Il est très facile à trouver, selon notre président. Ainsi à un horticulteur au chômage il vient de dire lors des dernières journées du patrimoine dans les jardins de l’Élysée : « Du travail, je traverse la rue, je vous en trouve. » Il lui a conseillé de se reconvertir dans l’hôtellerie, la restauration ou le bâtiment. Et il a ajouté : « Ils veulent simplement des gens qui sont prêts à travailler. Avec les contraintes du métier. » (Source : m.leparisien.fr, 16/09/2018)
Autrement dit, si les gens restent chômeurs, c’est qu’ils ne veulent pas travailler à n’importe quel prix : c’est donc de leur faute. Le président ne s’est pas interrogé sur le déclassement manifeste que présente le fait d’accepter n’importe quel métier, par rapport à la formation qu’on a reçue et aux compétences que l’on possède. Non, le meilleur moyen de faire baisser la courbe du chômage est de faire que les chômeurs acceptent tout emploi qui leur est proposé, indépendamment de leurs souhaits et de leur valeur personnelle.
On reste sidéré devant tant de morgue et de dédain pour les gens en difficulté. Cela cadre parfaitement d’ailleurs avec ses propos antérieurs sur le « pognon de dingue » des aides sociales, ou les « Gaulois réfractaires ». Le rôle d’un président est pourtant d’unifier la nation, et non pas de la diviser par des anathèmes qui procèdent d’un évident mépris de classe.

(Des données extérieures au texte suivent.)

(* Let $U$ be a finite set, $\mathcal{C}\subseteq 2^U$, and $f:2^U\to\mathbb{R}$ non-decreasing and $\varepsilon$-approximately $\mathcal{C}$-submodular for some $\varepsilon\ge 0$. Let $S\subseteq U$ be a Greedy Maximum Differential Set of $f$ (with ordering $s_1,\dots,s_{|S|}$) with $f(S)=f_{\max}$ and $\delta_{\min}>0$. Let $C\subseteq U$ be a nonempty set with $f(C)=f_{\max}$ whose elements admit an ordering $c_1,\dots,c_{|C|}$ such that $C_i=\{c_1,\dots,c_i\}\in\mathcal{C}$ for every $i=1,\dots,|C|$. Then $$|S|<\Big(1+\frac{\varepsilon}{\delta_{\min}}+\ln\Big(\frac{\delta_{\max}}{\delta_{\min}}\Big)\Big)\cdot|C|+1 .$$
   Context: For $f:2^U\to\mathbb{R}$, $A\subseteq U$, $x\in U$: $\Delta_x f(A)=f(A\cup\{x\})-f(A)$, $f_{\max}=\max_{X\subseteq U}f(X)$. $f$ is non-decreasing if $A\subseteq B\Rightarrow f(A)\le f(B)$. Given $\mathcal{C}\subseteq 2^U$, $f$ is $\varepsilon$-approximately $\mathcal{C}$-submodular if for every $A\subseteq U$, every $B\in\mathcal{C}$ and every $x\in U\setminus B$, $\Delta_x f(A\cup B)\le\Delta_x f(A)+\varepsilon$. A set $S\subseteq U$ is a Greedy Maximum Differential Set of $f$ if its elements can be ordered $s_1,\dots,s_{|S|}$ such that, with $S_0=\emptyset$, $S_i=\{s_1,\dots,s_i\}$, for every $i$: $\Delta_{s_i}f(S_{i-1})\ge\Delta_u f(S_{i-1})$ for all $u\in U$. For such $S$: $\delta_{\max}=\Delta_{s_1}f(\emptyset)=\max_{x\in U}\Delta_x f(\emptyset)$ and $\delta_{\min}=\min_{1\le i\le|S|}\Delta_{s_i}f(S_{i-1})$. *)

theory Defs
  imports "HOL-Analysis.Analysis"
begin

definition delta :: "('a set \<Rightarrow> real) \<Rightarrow> 'a \<Rightarrow> 'a set \<Rightarrow> real" where
  "delta f x A = f (A \<union> {x}) - f A"

definition fmax :: "'a set \<Rightarrow> ('a set \<Rightarrow> real) \<Rightarrow> real" where
  "fmax U f = Max (f ` Pow U)"

definition non_decreasing :: "'a set \<Rightarrow> ('a set \<Rightarrow> real) \<Rightarrow> bool" where
  "non_decreasing U f \<longleftrightarrow> (\<forall>A B. A \<subseteq> B \<and> B \<subseteq> U \<longrightarrow> f A \<le> f B)"

definition approx_C_submodular ::
  "'a set \<Rightarrow> 'a set set \<Rightarrow> real \<Rightarrow> ('a set \<Rightarrow> real) \<Rightarrow> bool" where
  "approx_C_submodular U \<C> \<epsilon> f \<longleftrightarrow>
     (\<forall>A B x. A \<subseteq> U \<and> B \<in> \<C> \<and> x \<in> U - B \<longrightarrow>
        delta f x (A \<union> B) \<le> delta f x A + \<epsilon>)"

definition greedy_max_diff_seq :: "'a set \<Rightarrow> ('a set \<Rightarrow> real) \<Rightarrow> 'a list \<Rightarrow> bool" where
  "greedy_max_diff_seq U f s \<longleftrightarrow> distinct s \<and> set s \<subseteq> U \<and>
     (\<forall>i < length s. \<forall>u \<in> U. delta f u (set (take i s)) \<le> delta f (s ! i) (set (take i s)))"

definition delta_max :: "'a set \<Rightarrow> ('a set \<Rightarrow> real) \<Rightarrow> real" where
  "delta_max U f = Max ((\<lambda>x. delta f x {}) ` U)"

definition delta_min :: "('a set \<Rightarrow> real) \<Rightarrow> 'a list \<Rightarrow> real" where
  "delta_min f s = Min ((\<lambda>i. delta f (s ! i) (set (take i s))) ` {..<length s})"

end

theory Submission
  imports Defs
begin

text \<open>Let g_i = f_max - f(S_i) be the gap left after i greedy steps and k = |C|. Adding
  c_1, ..., c_k to S_i closes the gap, and by approximate submodularity along the chain
  C_1, ..., C_k each of these k gains is at most delta_i + \<epsilon>, where delta_i is the i-th greedy
  gain; so g_i \<le> k (delta_i + \<epsilon>). Since g_(i+1) = g_i - delta_i, the quantity g_i - k \<epsilon>
  shrinks by the factor 1 - 1/k \<le> exp(-1/k) per step, starting below k delta_max. Hence within
  fewer than k ln(delta_max / delta_min) + 1 steps the gap drops to k (delta_min + \<epsilon>), and
  as every step removes at least delta_min, at most k (1 + \<epsilon> / delta_min) steps follow.\<close>

lemma one_minus_power_le_exp:
  fixes x :: real
  assumes "x \<le> 1"
  shows "(1 - x) ^ n \<le> exp (- real n * x)"
proof -
  have "(1 - x) ^ n \<le> exp (- x) ^ n"
    using assms exp_ge_add_one_self[of "- x"] by (intro power_mono) auto
  then show ?thesis by (simp add: exp_of_nat_mult[symmetric])
qed

lemma gap_geometric_decay:
  fixes g d :: "nat \<Rightarrow> real" and k :: nat and \<epsilon> :: real
  assumes "k > 0"
    and step: "\<And>i. i < n \<Longrightarrow> g (Suc i) = g i - d i"
    and gap: "\<And>i. i < n \<Longrightarrow> g i \<le> k * (d i + \<epsilon>)"
    and "i \<le> n"
  shows "g i - k * \<epsilon> \<le> (1 - 1 / k) ^ i * (g 0 - k * \<epsilon>)"
  using \<open>i \<le> n\<close>
proof (induction i)
  case 0
  then show ?case by simp
next
  case (Suc i)
  then have "i < n" by simp
  have q_nonneg: "0 \<le> 1 - 1 / real k"
    using \<open>k > 0\<close> by (simp add: field_simps)
  have "g (Suc i) - k * \<epsilon> = g i - d i - k * \<epsilon>"
    using step[OF \<open>i < n\<close>] by simp
  also have "\<dots> \<le> (1 - 1 / k) * (g i - k * \<epsilon>)"
    using gap[OF \<open>i < n\<close>] \<open>k > 0\<close> by (simp add: field_simps)
  also have "\<dots> \<le> (1 - 1 / k) * ((1 - 1 / k) ^ i * (g 0 - k * \<epsilon>))"
    using Suc q_nonneg by (intro mult_left_mono) auto
  finally show ?case by simp
qed

lemma gap_ge_remaining_steps:
  fixes g d :: "nat \<Rightarrow> real" and \<delta> :: real
  assumes step: "\<And>i. i < n \<Longrightarrow> g (Suc i) = g i - d i"
    and dmin: "\<And>i. i < n \<Longrightarrow> \<delta> \<le> d i"
    and "g n = 0" and "i \<le> n"
  shows "real (n - i) * \<delta> \<le> g i"
  using \<open>i \<le> n\<close>
proof (induction rule: inc_induct)
  case base
  then show ?case using \<open>g n = 0\<close> by simp
next
  case (step j)
  then have "real (n - j) = real (n - Suc j) + 1" by simp
  then show ?case
    using step.IH assms(1,2)[OF \<open>j < n\<close>] by (simp add: algebra_simps)
qed

lemma steps_bound_from_gap_recurrence:
  fixes g d :: "nat \<Rightarrow> real" and k :: nat and \<epsilon> \<delta>\<^sub>m\<^sub>i\<^sub>n \<delta>\<^sub>m\<^sub>a\<^sub>x :: real
  assumes "k > 0" and "\<epsilon> \<ge> 0" and "0 < \<delta>\<^sub>m\<^sub>i\<^sub>n" and "\<delta>\<^sub>m\<^sub>i\<^sub>n \<le> \<delta>\<^sub>m\<^sub>a\<^sub>x"
    and step: "\<And>i. i < n \<Longrightarrow> g (Suc i) = g i - d i"
    and dmin: "\<And>i. i < n \<Longrightarrow> \<delta>\<^sub>m\<^sub>i\<^sub>n \<le> d i"
    and gap: "\<And>i. i < n \<Longrightarrow> g i \<le> k * (d i + \<epsilon>)"
    and gap0: "g 0 \<le> k * (\<delta>\<^sub>m\<^sub>a\<^sub>x + \<epsilon>)"
    and "g n = 0"
  shows "real n < (1 + \<epsilon> / \<delta>\<^sub>m\<^sub>i\<^sub>n + ln (\<delta>\<^sub>m\<^sub>a\<^sub>x / \<delta>\<^sub>m\<^sub>i\<^sub>n)) * k + 1"
proof -
  define small where "small i \<longleftrightarrow> g i \<le> k * (\<delta>\<^sub>m\<^sub>i\<^sub>n + \<epsilon>)" for i
  define m where "m = (LEAST i. small i)"
  have "small n"
    unfolding small_def using \<open>g n = 0\<close> assms(2,3) by simp
  have "m \<le> n"
    unfolding m_def using \<open>small n\<close> by (rule Least_le)
  have "small m"
    unfolding m_def using \<open>small n\<close> by (rule LeastI)
  have tail: "real (n - m) \<le> k * (1 + \<epsilon> / \<delta>\<^sub>m\<^sub>i\<^sub>n)"
  proof -
    have "real (n - m) * \<delta>\<^sub>m\<^sub>i\<^sub>n \<le> k * (\<delta>\<^sub>m\<^sub>i\<^sub>n + \<epsilon>)"
      using gap_ge_remaining_steps[OF step dmin \<open>g n = 0\<close> \<open>m \<le> n\<close>] \<open>small m\<close>
      unfolding small_def by linarith
    then show ?thesis
      using \<open>0 < \<delta>\<^sub>m\<^sub>i\<^sub>n\<close> by (simp add: field_simps)
  qed
  have head: "real m < k * ln (\<delta>\<^sub>m\<^sub>a\<^sub>x / \<delta>\<^sub>m\<^sub>i\<^sub>n) + 1"
  proof (cases m)
    case 0
    have "0 \<le> ln (\<delta>\<^sub>m\<^sub>a\<^sub>x / \<delta>\<^sub>m\<^sub>i\<^sub>n)"
      using assms(3,4) by simp
    with 0 show ?thesis by (simp add: add_nonneg_pos)
  next
    case (Suc j)
    then have "\<not> small j"
      using not_less_Least[of j small] unfolding m_def by simp
    have "j \<le> n"
      using \<open>m \<le> n\<close> Suc by simp
    from \<open>\<not> small j\<close> have "k * \<delta>\<^sub>m\<^sub>i\<^sub>n < g j - k * \<epsilon>"
      unfolding small_def by (simp add: algebra_simps)
    also have "\<dots> \<le> (1 - 1 / k) ^ j * (g 0 - k * \<epsilon>)"
      by (rule gap_geometric_decay[where n = n and d = d]) (use assms(1) step gap \<open>j \<le> n\<close> in auto)
    also have "\<dots> \<le> (1 - 1 / k) ^ j * (k * \<delta>\<^sub>m\<^sub>a\<^sub>x)"
    proof (rule mult_left_mono)
      show "g 0 - k * \<epsilon> \<le> k * \<delta>\<^sub>m\<^sub>a\<^sub>x"
        using gap0 by (simp add: algebra_simps)
      show "0 \<le> (1 - 1 / real k) ^ j"
        using \<open>k > 0\<close> by simp
    qed
    also have "\<dots> \<le> exp (- real j * (1 / k)) * (k * \<delta>\<^sub>m\<^sub>a\<^sub>x)"
      using one_minus_power_le_exp[of "1 / k" j] \<open>k > 0\<close> assms(3,4)
      by (intro mult_right_mono) auto
    finally have "\<delta>\<^sub>m\<^sub>i\<^sub>n < exp (- real j / k) * \<delta>\<^sub>m\<^sub>a\<^sub>x"
      using \<open>k > 0\<close> by simp
    then have "ln \<delta>\<^sub>m\<^sub>i\<^sub>n < ln (exp (- real j / k) * \<delta>\<^sub>m\<^sub>a\<^sub>x)"
      using assms(3) by (subst ln_less_cancel_iff) auto
    also have "\<dots> = - real j / k + ln \<delta>\<^sub>m\<^sub>a\<^sub>x"
      using assms(3,4) by (simp add: ln_mult)
    finally have "real j < k * ln (\<delta>\<^sub>m\<^sub>a\<^sub>x / \<delta>\<^sub>m\<^sub>i\<^sub>n)"
      using \<open>k > 0\<close> assms(3,4) by (simp add: ln_div field_simps)
    then show ?thesis using Suc by simp
  qed
  show ?thesis
    using head tail \<open>m \<le> n\<close> by (simp add: algebra_simps of_nat_diff)
qed

lemma delta_take_Suc:
  assumes "i < length xs"
  shows "delta f (xs ! i) (A \<union> set (take i xs))
    = f (A \<union> set (take (Suc i) xs)) - f (A \<union> set (take i xs))"
  using assms by (simp add: delta_def take_Suc_conv_app_nth Un_insert_right)

lemma sum_delta_take:
  assumes "j \<le> length xs"
  shows "(\<Sum>i<j. delta f (xs ! i) (A \<union> set (take i xs))) = f (A \<union> set (take j xs)) - f A"
proof -
  have "(\<Sum>i<j. delta f (xs ! i) (A \<union> set (take i xs)))
      = (\<Sum>i<j. f (A \<union> set (take (Suc i) xs)) - f (A \<union> set (take i xs)))"
    using assms by (intro sum.cong) (simp_all add: delta_take_Suc)
  also have "\<dots> = f (A \<union> set (take j xs)) - f A"
    by (rule sum_lessThan_telescope[where f = "\<lambda>i. f (A \<union> set (take i xs))", simplified])
  finally show ?thesis .
qed

lemma nth_notin_set_take:
  assumes "distinct xs" and "j < length xs"
  shows "xs ! j \<notin> set (take j xs)"
  using assms by (simp add: in_set_conv_nth nth_eq_iff_index_eq)

lemma delta_min_le:
  assumes "i < length s"
  shows "delta_min f s \<le> delta f (s ! i) (set (take i s))"
  unfolding delta_min_def using assms by (intro Min_le) auto

lemma delta_le_delta_max:
  assumes "finite U" and "u \<in> U"
  shows "delta f u {} \<le> delta_max U f"
  unfolding delta_max_def using assms by (intro Max_ge) auto

lemma approx_C_submodular_gap_bound:
  fixes f :: "'a set \<Rightarrow> real" and \<epsilon> \<delta> :: real
  assumes mono: "non_decreasing U f"
    and submod: "approx_C_submodular U \<C> \<epsilon> f" and "\<epsilon> \<ge> 0"
    and "A \<subseteq> U" and "distinct c" and "set c \<subseteq> U"
    and chain: "\<forall>i \<in> {1..length c}. set (take i c) \<in> \<C>"
    and max_gain: "\<And>u. u \<in> U \<Longrightarrow> delta f u A \<le> \<delta>"
  shows "f (set c) - f A \<le> length c * (\<delta> + \<epsilon>)"
proof -
  have gain_le: "delta f (c ! j) (A \<union> set (take j c)) \<le> \<delta> + \<epsilon>" if "j < length c" for j
  proof -
    have "c ! j \<in> U" using that \<open>set c \<subseteq> U\<close> by auto
    have "delta f (c ! j) (A \<union> set (take j c)) \<le> delta f (c ! j) A + \<epsilon>"
    proof (cases "j = 0")
      case True
      then show ?thesis using \<open>\<epsilon> \<ge> 0\<close> by simp
    next
      case False
      then have "set (take j c) \<in> \<C>" using chain that by auto
      moreover have "c ! j \<notin> set (take j c)"
        using nth_notin_set_take \<open>distinct c\<close> that by blast
      ultimately show ?thesis
        using submod \<open>A \<subseteq> U\<close> \<open>c ! j \<in> U\<close> unfolding approx_C_submodular_def by blast
    qed
    then show ?thesis using max_gain[OF \<open>c ! j \<in> U\<close>] by simp
  qed
  have "f (set c) \<le> f (A \<union> set (take (length c) c))"
    using mono \<open>A \<subseteq> U\<close> \<open>set c \<subseteq> U\<close> unfolding non_decreasing_def by auto
  also have "\<dots> = f A + (\<Sum>j<length c. delta f (c ! j) (A \<union> set (take j c)))"
    by (simp add: sum_delta_take)
  also have "\<dots> \<le> f A + (\<Sum>j<length c. \<delta> + \<epsilon>)"
    using gain_le by (intro add_left_mono sum_mono) auto
  finally show ?thesis by simp
qed

theorem mainTheorem2:
  fixes U :: "'a set" and \<C> :: "'a set set" and f :: "'a set \<Rightarrow> real"
    and \<epsilon> :: real and s c :: "'a list"
  assumes "finite U"
    and "\<C> \<subseteq> Pow U"
    and "\<epsilon> \<ge> 0"
    and "non_decreasing U f"
    and "approx_C_submodular U \<C> \<epsilon> f"
    and "greedy_max_diff_seq U f s"
    and "f (set s) = fmax U f"
    and "s \<noteq> []"
    and "delta_min f s > 0"
    and "distinct c" and "c \<noteq> []" and "set c \<subseteq> U"
    and "f (set c) = fmax U f"
    and "\<forall>i \<in> {1..length c}. set (take i c) \<in> \<C>"
  shows "real (length s) <
    (1 + \<epsilon> / delta_min f s + ln (delta_max U f / delta_min f s)) * real (length c) + 1"
proof -
  define g where "g i = fmax U f - f (set (take i s))" for i
  define d where "d i = delta f (s ! i) (set (take i s))" for i
  have "set s \<subseteq> U"
    and greedy: "\<And>i u. i < length s \<Longrightarrow> u \<in> U \<Longrightarrow> delta f u (set (take i s)) \<le> d i"
    using assms(6) unfolding greedy_max_diff_seq_def d_def by auto
  have gap_bound: "fmax U f - f A \<le> length c * (\<delta> + \<epsilon>)"
    if "A \<subseteq> U" and "\<And>u. u \<in> U \<Longrightarrow> delta f u A \<le> \<delta>" for A \<delta>
    using approx_C_submodular_gap_bound[OF assms(4,5,3) that(1) assms(10,12,14) that(2)] assms(13)
    by simp
  have "set (take i s) \<subseteq> U" for i
    using \<open>set s \<subseteq> U\<close> set_take_subset by fast
  have "delta_min f s \<le> delta_max U f"
    using delta_min_le[of 0 s f] delta_le_delta_max[OF assms(1), of "s ! 0" f] \<open>set s \<subseteq> U\<close> assms(8)
    by (simp add: subset_iff)
  moreover have "g (Suc i) = g i - d i" if "i < length s" for i
    using delta_take_Suc[OF that, of f "{}"] unfolding g_def d_def by simp
  moreover have "g i \<le> length c * (d i + \<epsilon>)" if "i < length s" for i
    unfolding g_def using gap_bound greedy[OF that] \<open>set (take i s) \<subseteq> U\<close> by blast
  moreover have "g 0 \<le> length c * (delta_max U f + \<epsilon>)"
    unfolding g_def using gap_bound[of "{}"] delta_le_delta_max[OF assms(1)] by simp
  moreover have "g (length s) = 0"
    unfolding g_def using assms(7) by simp
  ultimately show ?thesis
    using steps_bound_from_gap_recurrence[of "length c" \<epsilon> "delta_min f s" "delta_max U f" "length s" g d]
      assms(3,9,11) delta_min_le[of _ s f] unfolding d_def by simp
qed

end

La moindre des choses quand on travaille, me semble-t-il, est d’y trouver une gratification, souvent moins pécuniaire d’ailleurs que morale. Quelle reconnaissance rencontrera celui à qui on a imposé un travail qui ne lui convient pas ? Quel plaisir aura-t-il de le faire, et quel épanouissement ? Quelle image de soi aura-t-il ? On peut bien lui dire qu’il faut faire marcher l’économie, de toute façon. Mais peu lui importe, si pour ce qui le concerne sa propre dignité est bafouée. C’est au travail de le servir, et non à lui d’en être l’esclave. On peut dire du travail ce que l’Évangile dit du sabbat : Le travail est fait pour l’homme et non pas l’homme pour le travail.